Nevada Fuel Source Disclosure
Beginning January 2002, electric utilities and competitive power providers in Nevada are required to disclose information on electricity product fuel mix and associated air emissions to their customers. According to regulations issued by the Nevada Public Service Commission (Chapter 704.763), the disclosure must be in a standard format, provided in bill inserts twice a year, as well as on utility websites. The information must include the average mix of fuel sources used to create electricity and emissions of high-level radioactive waste, sulfur dioxide, carbon dioxide, carbon monoxide, particulates, volatile organic compounds, oxides of nitrogen and heavy metals. The information disclosed must be based upon data taken from a 12-month period that ends not more than 6 months before the date on which the information is first disclosed to retail customers. Utilities must also provide a summary of any programs and information relating to energy conservation that is offered by the electric utility.
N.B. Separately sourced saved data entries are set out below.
lemma seq_state_blocks_meet_at_most_once:
  assumes cs: "partial_contraction_sequence G cs"
  shows "k \<le> length cs \<Longrightarrow> \<forall>j<k. fst (cs ! j) \<inter> F = {} \<or> snd (cs ! j) \<inter> F = {} \<Longrightarrow>
           \<forall>p\<in>tverts (seq_state G cs k). \<forall>x\<in>p \<inter> F. \<forall>y\<in>p \<inter> F. x = y"
proof (induction k)
  case 0
  show ?case
    by (auto simp: seq_state_0 lift_def tverts_def)
next
  case (Suc k)
  obtain u v where uv: "cs ! k = (u, v)"
    by fastforce
  have k: "k < length cs"
    using Suc.prems by simp
  have IH: "\<forall>p\<in>tverts (seq_state G cs k). \<forall>x\<in>p \<inter> F. \<forall>y\<in>p \<inter> F. x = y"
    using Suc by simp
  have "u \<inter> F = {} \<or> v \<inter> F = {}"
    using Suc.prems(2) uv by (metis fst_conv snd_conv lessI)
  then have "(u \<union> v) \<inter> F = u \<inter> F \<or> (u \<union> v) \<inter> F = v \<inter> F"
    by blast
  then show ?case
    using IH partial_contraction_sequenceD[OF cs k uv]
    unfolding seq_state_Suc[OF k] uv tverts_contract by (metis Diff_iff fst_conv insert_iff snd_conv)
qed

section \<open>The fence gadget\<close>

text \<open>Indices \<open>1..6\<close> stand for \<open>a\<^sub>1, \<dots>, a\<^sub>6\<close> and indices \<open>7..12\<close> for \<open>b\<^sub>1, \<dots>, b\<^sub>6\<close>.\<close>

definition fence_vertex :: "(nat \<Rightarrow> 'a) \<Rightarrow> (nat \<Rightarrow> 'a) \<Rightarrow> nat \<Rightarrow> 'a" where
  "fence_vertex a b i = (if i \<le> 6 then a i else b (i - 6))"

definition fence_black_pairs :: "(nat \<times> nat) list" where
  "fence_black_pairs =
     [(1,2), (2,3), (3,4), (4,5), (5,6), (6,1), (7,8), (8,9), (9,10), (10,11), (11,12), (12,7), (7,6)]"

definition fence_red_pairs :: "(nat \<times> nat) list" where
  "fence_red_pairs =
     [(1,7), (2,8), (3,9), (4,10), (5,11), (6,12), (1,8), (2,9), (3,10), (4,11), (5,12)]"

definition fence_black_index :: "nat \<Rightarrow> nat \<Rightarrow> bool" where
  "fence_black_index i j \<longleftrightarrow> (i, j) \<in> set fence_black_pairs \<or> (j, i) \<in> set fence_black_pairs"

definition fence_red_index :: "nat \<Rightarrow> nat \<Rightarrow> bool" where
  "fence_red_index i j \<longleftrightarrow> (i, j) \<in> set fence_red_pairs \<or> (j, i) \<in> set fence_red_pairs"

definition fence_mixed_index :: "nat \<Rightarrow> nat \<Rightarrow> nat \<Rightarrow> bool" where
  "fence_mixed_index m n f \<longleftrightarrow> \<not> (fence_black_index m f \<and> fence_black_index n f)
     \<and> (fence_black_index m f \<or> fence_red_index m f \<or> fence_black_index n f \<or> fence_red_index n f)"

lemma fence_mixed_index_count:
  "list_all (\<lambda>m. list_all (\<lambda>n. m = n \<or> (m \<le> 6) \<noteq> (n \<le> 6)
     \<or> 5 \<le> length (filter (\<lambda>f. f \<noteq> m \<and> f \<noteq> n \<and> fence_mixed_index m n f) [1..<13]))
     [1..<13]) [1..<13]"
  by code_simp

lemma card_fence_mixed_index:
  assumes "m \<in> {1..12}" "n \<in> {1..12}" "m \<noteq> n" "m \<le> 6 \<longleftrightarrow> n \<le> 6"
  shows "5 \<le> card {f \<in> {1..12} - {m, n}. fence_mixed_index m n f}"
proof -
  let ?mixed = "\<lambda>f. f \<noteq> m \<and> f \<noteq> n \<and> fence_mixed_index m n f"
  have "5 \<le> length (filter ?mixed [1..<13])"
    using fence_mixed_index_count assms unfolding list_all_iff by fastforce
  also have "\<dots> = card (set (filter ?mixed [1..<13]))"
    by (rule distinct_card[symmetric]) simp
  also have "set (filter ?mixed [1..<13]) = {f \<in> {1..12} - {m, n}. fence_mixed_index m n f}"
    by auto
  finally show ?thesis .
qed

lemma fence_verts_eq_image: "fence_verts a b = fence_vertex a b ` {1..12}"
proof
  show "fence_verts a b \<subseteq> fence_vertex a b ` {1..12}"
  proof
    fix x assume "x \<in> fence_verts a b"
    then consider i where "i \<in> {1..6}" "x = a i" | i where "i \<in> {1..6}" "x = b i"
      unfolding fence_verts_def by blast
    then show "x \<in> fence_vertex a b ` {1..12}"
    proof cases
      case (1 i)
      then show ?thesis
        by (intro rev_image_eqI[of i]) (auto simp: fence_vertex_def)
    next
      case (2 i)
      then show ?thesis
        by (intro rev_image_eqI[of "i + 6"]) (auto simp: fence_vertex_def)
    qed
  qed
  have "fence_vertex a b i \<in> fence_verts a b" if "i \<in> {1..12}" for i
  proof (cases "i \<le> 6")
    case True
    then show ?thesis
      using that by (simp add: fence_vertex_def fence_verts_def)
  next
    case False
    then have "i - 6 \<in> {1..6}"
      using that by auto
    then show ?thesis
      using False by (simp add: fence_vertex_def fence_verts_def)
  qed
  then show "fence_vertex a b ` {1..12} \<subseteq> fence_verts a b"
    by blast
qed

lemma fence_vertex_in_fence_verts: "i \<in> {1..12} \<Longrightarrow> fence_vertex a b i \<in> fence_verts a b"
  unfolding fence_verts_eq_image by blast

lemma inj_on_fence_vertex:
  assumes "contains_fence G a b"
  shows "inj_on (fence_vertex a b) {1..12}"
proof (rule inj_onI)
  fix m n :: nat assume m: "m \<in> {1..12}" and n: "n \<in> {1..12}"
    and eq: "fence_vertex a b m = fence_vertex a b n"
  have a: "inj_on a {1..6}" and b: "inj_on b {1..6}" and ab: "a ` {1..6} \<inter> b ` {1..6} = {}"
    using assms unfolding contains_fence_def by blast+
  show "m = n"
  proof (cases "m \<le> 6"; cases "n \<le> 6")
    assume "m \<le> 6" "n \<le> 6"
    then show ?thesis
      using eq m n inj_onD[OF a] by (simp add: fence_vertex_def)
  next
    assume "m \<le> 6" "\<not> n \<le> 6"
    then show ?thesis
      using eq m n ab by (force simp: fence_vertex_def)
  next
    assume "\<not> m \<le> 6" "n \<le> 6"
    then show ?thesis
      using eq m n ab by (force simp: fence_vertex_def)
  next
    assume "\<not> m \<le> 6" "\<not> n \<le> 6"
    moreover have "m - 6 \<in> {1..6}" "n - 6 \<in> {1..6}"
      using m n calculation by auto
    ultimately have "m - 6 = n - 6"
      using eq inj_onD[OF b] by (simp add: fence_vertex_def)
    then show ?thesis
      using \<open>\<not> m \<le> 6\<close> \<open>\<not> n \<le> 6\<close> by simp
  qed
qed

lemma setcompr_upto_6: "{f i | i. i \<in> {1..6::nat}} = {f 1, f 2, f 3, f 4, f 5, f 6}"
proof -
  have "{1..6::nat} = {1, 2, 3, 4, 5, 6}"
    by auto
  then show ?thesis
    by (simp only:) blast
qed

lemma setcompr_upto_5: "{f i | i. i \<in> {1..5::nat}} = {f 1, f 2, f 3, f 4, f 5}"
proof -
  have "{1..5::nat} = {1, 2, 3, 4, 5}"
    by auto
  then show ?thesis
    by (simp only:) blast
qed

lemma fence_black_eq_image:
  "fence_black a b = (\<lambda>(i, j). {fence_vertex a b i, fence_vertex a b j}) ` set fence_black_pairs"
  unfolding fence_black_def fence_black_pairs_def setcompr_upto_6[where f = "\<lambda>i. {a i, a (i mod 6 + 1)}"]
    setcompr_upto_6[where f = "\<lambda>i. {b i, b (i mod 6 + 1)}"]
  by (simp add: fence_vertex_def numeral_2_eq_2[symmetric]) (simp add: insert_commute)

lemma fence_red_eq_image:
  "fence_red a b = (\<lambda>(i, j). {fence_vertex a b i, fence_vertex a b j}) ` set fence_red_pairs"
  unfolding fence_red_def fence_red_pairs_def setcompr_upto_6[where f = "\<lambda>i. {a i, b i}"]
    setcompr_upto_5[where f = "\<lambda>i. {a i, b (i + 1)}"]
  by (simp add: fence_vertex_def numeral_2_eq_2[symmetric]) (simp add: insert_commute)

lemma doubleton_in_image_pairs_iff:
  assumes "inj_on f A" "set L \<subseteq> A \<times> A" "i \<in> A" "j \<in> A"
  shows "{f i, f j} \<in> (\<lambda>(k, l). {f k, f l}) ` set L \<longleftrightarrow> (i, j) \<in> set L \<or> (j, i) \<in> set L"
proof
  assume "{f i, f j} \<in> (\<lambda>(k, l). {f k, f l}) ` set L"
  then obtain k l where kl: "(k, l) \<in> set L" "{f i, f j} = {f k, f l}"
    by auto
  moreover have "k \<in> A" "l \<in> A"
    using kl(1) assms(2) by auto
  ultimately have "(i = k \<and> j = l) \<or> (i = l \<and> j = k)"
    using assms(3,4) inj_on_eq_iff[OF assms(1)] by (auto simp: doubleton_eq_iff)
  then show "(i, j) \<in> set L \<or> (j, i) \<in> set L"
    using kl(1) by auto
next
  assume "(i, j) \<in> set L \<or> (j, i) \<in> set L"
  then show "{f i, f j} \<in> (\<lambda>(k, l). {f k, f l}) ` set L"
    by (force simp: insert_commute)
qed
Legislation signed by Governor Kenny Guinn in June 2001 (Assembly Bill 197) called for the PUC to adopt the disclosure regulations.

Regulations of Nevada Public Utilities Commission 704.763:
R145-01P - Utilities (704)

Text of Legislation:
http://www.leg.state.nv.us/NRS/NRS-704.html#NRS704Sec763

Contact: Diana Howard, Office of the Governor, Nevada State Office of Energy, (775) 687-5975.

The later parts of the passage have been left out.